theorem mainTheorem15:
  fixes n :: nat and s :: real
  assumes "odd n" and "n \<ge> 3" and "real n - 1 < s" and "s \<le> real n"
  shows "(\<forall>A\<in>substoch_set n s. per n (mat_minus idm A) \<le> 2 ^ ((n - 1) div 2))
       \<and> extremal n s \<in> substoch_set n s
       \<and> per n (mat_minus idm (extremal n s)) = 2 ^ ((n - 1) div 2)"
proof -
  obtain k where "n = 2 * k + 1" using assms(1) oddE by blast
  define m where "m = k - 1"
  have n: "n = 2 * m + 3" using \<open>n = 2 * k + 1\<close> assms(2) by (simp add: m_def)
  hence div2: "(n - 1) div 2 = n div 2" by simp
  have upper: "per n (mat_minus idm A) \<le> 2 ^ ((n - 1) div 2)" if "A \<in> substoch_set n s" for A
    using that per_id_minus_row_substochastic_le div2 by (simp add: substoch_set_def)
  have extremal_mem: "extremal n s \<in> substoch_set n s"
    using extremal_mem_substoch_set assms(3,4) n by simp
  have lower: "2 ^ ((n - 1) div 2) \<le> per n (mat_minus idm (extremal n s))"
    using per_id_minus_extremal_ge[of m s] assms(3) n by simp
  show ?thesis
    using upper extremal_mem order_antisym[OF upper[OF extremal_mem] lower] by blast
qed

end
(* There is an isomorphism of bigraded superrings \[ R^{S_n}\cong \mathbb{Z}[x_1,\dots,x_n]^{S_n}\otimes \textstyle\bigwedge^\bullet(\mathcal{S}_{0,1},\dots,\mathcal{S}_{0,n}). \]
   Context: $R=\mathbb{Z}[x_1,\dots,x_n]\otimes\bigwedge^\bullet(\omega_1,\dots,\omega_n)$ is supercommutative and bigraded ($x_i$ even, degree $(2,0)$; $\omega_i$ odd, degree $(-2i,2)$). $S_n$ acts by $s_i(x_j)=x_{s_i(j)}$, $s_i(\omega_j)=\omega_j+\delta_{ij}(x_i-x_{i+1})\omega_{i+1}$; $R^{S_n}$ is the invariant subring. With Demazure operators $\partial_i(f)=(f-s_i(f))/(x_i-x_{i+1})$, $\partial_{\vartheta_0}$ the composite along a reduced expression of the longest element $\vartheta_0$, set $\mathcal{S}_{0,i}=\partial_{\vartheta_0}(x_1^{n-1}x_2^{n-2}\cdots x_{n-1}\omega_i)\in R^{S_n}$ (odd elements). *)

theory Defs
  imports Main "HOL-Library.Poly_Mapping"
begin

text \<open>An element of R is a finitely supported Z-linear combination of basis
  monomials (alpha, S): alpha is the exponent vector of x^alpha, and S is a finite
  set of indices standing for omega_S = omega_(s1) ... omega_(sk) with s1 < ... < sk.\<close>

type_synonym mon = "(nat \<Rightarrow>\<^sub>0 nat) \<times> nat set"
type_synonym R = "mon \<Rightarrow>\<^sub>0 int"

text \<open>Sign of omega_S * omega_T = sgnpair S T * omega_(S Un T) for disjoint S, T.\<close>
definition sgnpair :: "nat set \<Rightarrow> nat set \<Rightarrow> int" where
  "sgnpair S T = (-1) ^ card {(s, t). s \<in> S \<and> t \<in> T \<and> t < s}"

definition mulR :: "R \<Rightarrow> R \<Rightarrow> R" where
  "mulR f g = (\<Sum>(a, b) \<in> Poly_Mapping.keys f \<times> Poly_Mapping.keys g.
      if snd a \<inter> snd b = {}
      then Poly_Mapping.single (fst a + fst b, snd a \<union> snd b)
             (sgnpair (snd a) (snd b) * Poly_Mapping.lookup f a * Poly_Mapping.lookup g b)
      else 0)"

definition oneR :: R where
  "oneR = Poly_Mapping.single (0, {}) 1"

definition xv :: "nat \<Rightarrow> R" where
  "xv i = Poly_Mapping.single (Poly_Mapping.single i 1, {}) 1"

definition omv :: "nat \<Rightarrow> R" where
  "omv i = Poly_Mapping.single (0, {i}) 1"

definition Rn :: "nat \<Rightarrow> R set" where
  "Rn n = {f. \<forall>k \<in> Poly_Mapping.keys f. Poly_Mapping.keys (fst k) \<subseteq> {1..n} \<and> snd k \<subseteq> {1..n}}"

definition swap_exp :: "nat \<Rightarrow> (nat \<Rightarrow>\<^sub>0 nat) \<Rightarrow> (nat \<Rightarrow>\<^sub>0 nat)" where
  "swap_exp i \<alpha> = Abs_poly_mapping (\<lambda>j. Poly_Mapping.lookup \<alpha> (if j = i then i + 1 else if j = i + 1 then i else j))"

________________

▸ DIRECTIONS FOR THIS TASK
What do the lines above say from the one containing "using per_id_minus_extremal_ge[of m" down to the one containing "(* There is"? Return them exactly, both end lines included, and only them.

▸ EXERCISE SOLUTION
    using per_id_minus_extremal_ge[of m s] assms(3) n by simp
  show ?thesis
    using upper extremal_mem order_antisym[OF upper[OF extremal_mem] lower] by blast
qed

end
(* There is an isomorphism of bigraded superrings \[ R^{S_n}\cong \mathbb{Z}[x_1,\dots,x_n]^{S_n}\otimes \textstyle\bigwedge^\bullet(\mathcal{S}_{0,1},\dots,\mathcal{S}_{0,n}). \]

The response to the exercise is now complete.